He asked a waiter for a glass of sparkling water, then he began to move through the crowd, Halina pressed to his side.
As the hours wound down and the conversation and speculation swirled, Halina became quieter and quieter. At first she’d tried to enter into the various conversations, smiling and nodding, shyly offering her own opinions, but as time passed Rico sensed her withdrawing into herself.
After a five-course meal where they were seated on opposite sides of a table for twelve, she excused herself, disappearing for over twenty minutes before, both impatient and alarmed, Rico went to find her.
He strode down the hotel’s opulent corridors, annoyed that he’d been compelled to leave the event to find his errant wife-to-be, even as he fought a growing sense of worry that something was really wrong with her. What if she was ill? What if, God forbid, something had happened to their child?
He asked the attentive staff of the hotel if they’d seen her, and finally tracked her down to the opulent women’s powder room down one endless corridor. Not hesitating for a second, Rico rapped on the door.
‘Halina? Halina, are you in there?’ There was no reply, so he cracked open the door a bit and called again. ‘Halina, please answer me if you’re in there. Tell me you’re all right.’
Two women came to the door, sidling past him with amused glances. ‘So attentive,’ one of them drawled, and the other gave an unpleasant cackle of laughter. Rico glared at them both.
‘Is Princess Halina in the powder room?’ he demanded.
One woman, looking spiteful now, shrugged a bony shoulder. ‘Why don’t you see for yourself?’ she called as she walked off with the other woman, their angular bodies and raucous laughter reminding Rico of a pair of glossy, pecking crows.
He pushed open the door to the powder room and strode inside. The place looked empty—a row of gold-plated sinks, a plush settee and several opulent wood-panelled stalls. The room was completely silent, save for the drip of a tap and a sudden, revealing sniff from behind one of the stall doors.
‘Halina,’ Rico called, his voice rough and urgent. Another sniff sounded. ‘Open the door,’ he demanded. ‘Tell me what’s going on.’

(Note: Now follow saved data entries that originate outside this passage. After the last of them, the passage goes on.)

lemma lin_dist_below_2q2:
  assumes A: "A = 1" and B: "B = 1" and q: "1 \<le> x * q1 + y * q2" and T: "x * q1 + y * q2 < 2 * q2"
    and nc: "(x, y) \<noteq> (1, 0)" "(x, y) \<noteq> (0, 1)" "(x, y) \<noteq> (- A, 1)" "(x, y) \<noteq> (1, B)"
  shows "lin_dist x y \<ge> 2 * d1"
proof (cases rule: coord_cases[OF q])
  case 1
  then show ?thesis using nc lin_dist_x_axis_ge[of x] by (cases "x = 1") auto
next
  case 2
  then show ?thesis using lin_dist_same_sign_ge2[of y x] d2_pos by linarith
next
  case 3
  have "d1 < 2 * d2" using d1_eq B d3_lt_d2 by simp
  moreover have "x \<le> -2 \<or> y \<ge> 2" using 3 nc A by auto
  ultimately show ?thesis
    using 3 lin_dist_opposite_ge[of 2 1 x y] lin_dist_opposite_ge[of 1 2 x y] d2_pos by auto
next
  case 4
  have "y \<ge> 2 \<Longrightarrow> y * q2 \<ge> 2 * q2" using q1_le_q2 q1_pos by (intro int_mult_ge) auto
  then show ?thesis using T 4 q1_le_q2 nc by (cases "y = 1") auto
next
  case 5
  have "x * q1 \<ge> 1 * q1" "y * q2 \<ge> 1 * q2" using 5 q1_pos q1_le_q2 by (intro int_mult_ge; simp)+
  moreover have "x \<ge> 2 \<or> y \<ge> 2" using 5 nc B by auto
  moreover have "x \<ge> 2 \<Longrightarrow> x * q1 \<ge> 2 * q1" "y \<ge> 2 \<Longrightarrow> y * q2 \<ge> 2 * q2"
    using q1_pos q1_le_q2 by (intro int_mult_ge; simp)+
  moreover have "q2 = q1 + q0" using q2_eq A by simp
  ultimately show ?thesis using T q0_le_q1 q1_pos by linarith
qed

lemma lin_dist_below_q2_plus_q0:
  assumes A: "A = 1" and q: "1 \<le> x * q1 + y * q2" and T: "x * q1 + y * q2 < q2 + q0"
    and nc: "(x, y) \<noteq> (1, 0)" "(x, y) \<noteq> (0, 1)" "(x, y) \<noteq> (- A, 1)"
  shows "lin_dist x y \<ge> 2 * d1"
proof (cases rule: coord_cases[OF q])
  case 1
  then show ?thesis using nc lin_dist_x_axis_ge[of x] by (cases "x = 1") auto
next
  case 2
  then show ?thesis using lin_dist_same_sign_ge2[of y x] d2_pos by linarith
next
  case 3
  have "y \<ge> 2 \<Longrightarrow> y * q2 \<ge> 2 * q2" using q1_le_q2 q1_pos by (intro int_mult_ge) auto
  then have "x \<noteq> -1" using nc T 3 A q2_eq by (cases "y = 1") auto
  then show ?thesis using lin_dist_opposite_ge[of 2 1 x y] 3 d2_pos by simp
next
  case 4
  have "y \<ge> 2 \<Longrightarrow> y * q2 \<ge> 2 * q2" using q1_le_q2 q1_pos by (intro int_mult_ge) auto
  then show ?thesis using T 4 q1_le_q2 q0_le_q1 nc by (cases "y = 1") auto
next
  case 5
  then show ?thesis using denom_ge_q1_plus_q2[of x y] T q0_le_q1 by simp
qed
(* Let $\Sigma=(X,U,F)$ be a system, $Q\subset X$ a controlled invariant set, and $(\mathcal{A},G)$ a quasi-invariant-partition of $Q$. Then \[h_{inv}(\mathcal{A},G)=\overline{w}^*(\mathcal{A},G),\] where $\overline{w}^*(\mathcal{A},G)$ is the maximum mean weight.
   Context: A system is a triple $\Sigma=(X,U,F)$ where $X,U$ are nonempty sets and $F:X\times U\rightrightarrows X$ is a set-valued map with $F(x,u)\neq\emptyset$ for all $(x,u)$; for $A\subset X$, $F(A,u)=\bigcup_{x\in A}F(x,u)$. $Q\subset X$ is controlled invariant if for every $x\in Q$ there is $u\in U$ with $F(x,u)\subset Q$. An invariant cover of $Q$ is a pair $(\mathcal{A},G)$ where $\mathcal{A}$ is a finite cover of $Q$ (by subsets of $Q$) and $G:\mathcal{A}\to U$ satisfies $F(A,G(A))\subset Q$ for all $A\in\mathcal{A}$. For $\mathcal{S}\subset\mathcal{A}^n$, $\alpha=\alpha(0)\cdots\alpha(n-1)\in\mathcal{S}$ and integer $0\le t<n-1$, let $P(\alpha|_{[0,t]})=\{A\in\mathcal{A}:\exists\hat\alpha\in\mathcal{S},\ \hat\alpha|_{[0,t]}=\alpha|_{[0,t]},\ A=\hat\alpha(t+1)\}$, and $P(\alpha|_{[0,n-1]})=P(\alpha)=\{\hat\alpha(0):\hat\alpha\in\mathcal{S}\}$. $\mathcal{S}$ is $(n,Q)$-spanning in $(\mathcal{A},G)$ if (1) the elements of $P(\alpha)$ cover $Q$, and (2) for every $\alpha\in\mathcal{S}$ and $0\le t<n-1$, $F(\alpha(t),G(\alpha(t)))\subset\bigcup_{A'\in P(\alpha|_{[0,t]})}A'$. Let $N(\mathcal{S})=\max_{\alpha\in\mathcal{S}}\prod_{t=0}^{n-1}\sharp P(\alpha|_{[0,t]})$, $r_{inv}(n,Q,\mathcal{A},G)=\min\{N(\mathcal{S}):\mathcal{S}\ (n,Q)\text{-spanning in }(\mathcal{A},G)\}$, and $h_{inv}(\mathcal{A},G)=\lim_{n\to\infty}\frac1n\log r_{inv}(n,Q,\mathcal{A},G)$ ($\log$ base $2$). For $A\in\mathcal{A}$: $D(A)=\{A'\in\mathcal{A}:F(A,G(A))\cap A'\neq\emptyset\}$ and $w(A)=\log\sharp D(A)$. A sequence $(A_i)$ in $\mathcal{A}$ is admissible if $F(A_i,G(A_i))\cap A_{i+1}\neq\emptyset$ for all consecutive indices. A finite sequence $c=(A_i)_{i=0}^{k-1}$ is an irreducible sequence of period $k$ if the infinite sequence $ccc\cdots$ is admissible and $A_i\neq A_j$ for $i\neq j$; its mean weight is $\overline{w}(c)=\frac1k\sum_{i=0}^{k-1}w(A_i)$, and $\overline{w}^*(\mathcal{A},G)=\max_c\overline{w}(c)$ over all irreducible periodic sequences $c$. An invariant cover $(\mathcal{A},G)$ is a quasi-invariant-partition of $Q$ if $A\setminus\bigcup_{B\in\mathcal{A},B\neq A}B\neq\emptyset$ for all $A\in\mathcal{A}$, and $F(A,G(A))\cap\big(B\setminus\bigcup_{C\in D(A),C\neq B}C\big)\neq\emptyset$ for all $A\in\mathcal{A}$ and $B\in D(A)$. *)

theory Defs
  imports Complex_Main
begin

After an endless moment Halina unlocked the door and stepped out into the bathroom. Rico gaped at her, taking in her dishevelled hair and tear-stained face, his heart lurching at the sight of her obvious distress.
‘Halina,’ he said and reached for her. ‘What has happened? What’s wrong?’
CHAPTER ELEVEN
RICO’S STRONG, WARM hands encased Halina’s icy ones as he drew her towards him, his brow furrowed, his expression somewhere between thunderous and terrified.
‘Why have you been crying? Has something happened? Is it the baby...?’
‘No, it’s not the baby.’ Halina pulled her hands from his to dash at the tears on her face. She felt embarrassed for falling apart so completely. This evening had been an utter failure, and it was all her fault. She couldn’t handle a party. She couldn’t handle being Rico’s fiancée. ‘At least,’ she amended, taking a steadying breath, ‘it was, in a manner of speaking.’
‘What do you mean?’ Rico’s gaze swept over her, as if looking for open wounds or broken bones. ‘Are you hurt?’
Halina let out a shaky laugh, torn between wry amusement and deep, abiding sorrow. ‘Yes, Rico,’ she managed tartly, ‘I am hurt. But you won’t find any visible wounds so you can stop looking at me as if you want to take me to the hospital’s emergency department.’
‘I don’t understand.’
‘No.’ She sighed. ‘You wouldn’t.’ She moved past him to study her reflection. She was even more of a wreck than she’d realised, her supposedly waterproof mascara giving her panda eyes, and her once elegantly styled hair falling about her shoulders in tangled ringlets.
‘What is that supposed to mean?’ Rico asked, his tone gruff.
Halina sighed and attempted to dab at her mascara even as she recognised a lost cause when she saw one. ‘My feelings are hurt, Rico,’ she said, deciding she needed to speak as plainly as she could. ‘Feelings. You know those things you try not to have?’
Rico’s mouth thinned. Clearly he didn’t appreciate her pathetic attempt at humour. ‘Why were your feelings hurt?’
She hesitated, her gaze still on her unhappy reflection. ‘It doesn’t matter.’
‘Yes, it does.’ Rico spoke with a force that surprised. ‘Who hurt you? Did someone say something, do something? Because if they did it to you, then they did it to me.’
A feeling bloomed in Halina’s chest, a mixture of surprise and warmth. It spread through her like sunshine or honey, warming her right down to the tips of her fingers and toes. ‘Do you mean that?’
‘Of course I do.’
Was that what marriage was? Maybe not love, but something just as fundamental? The question was, could it be enough?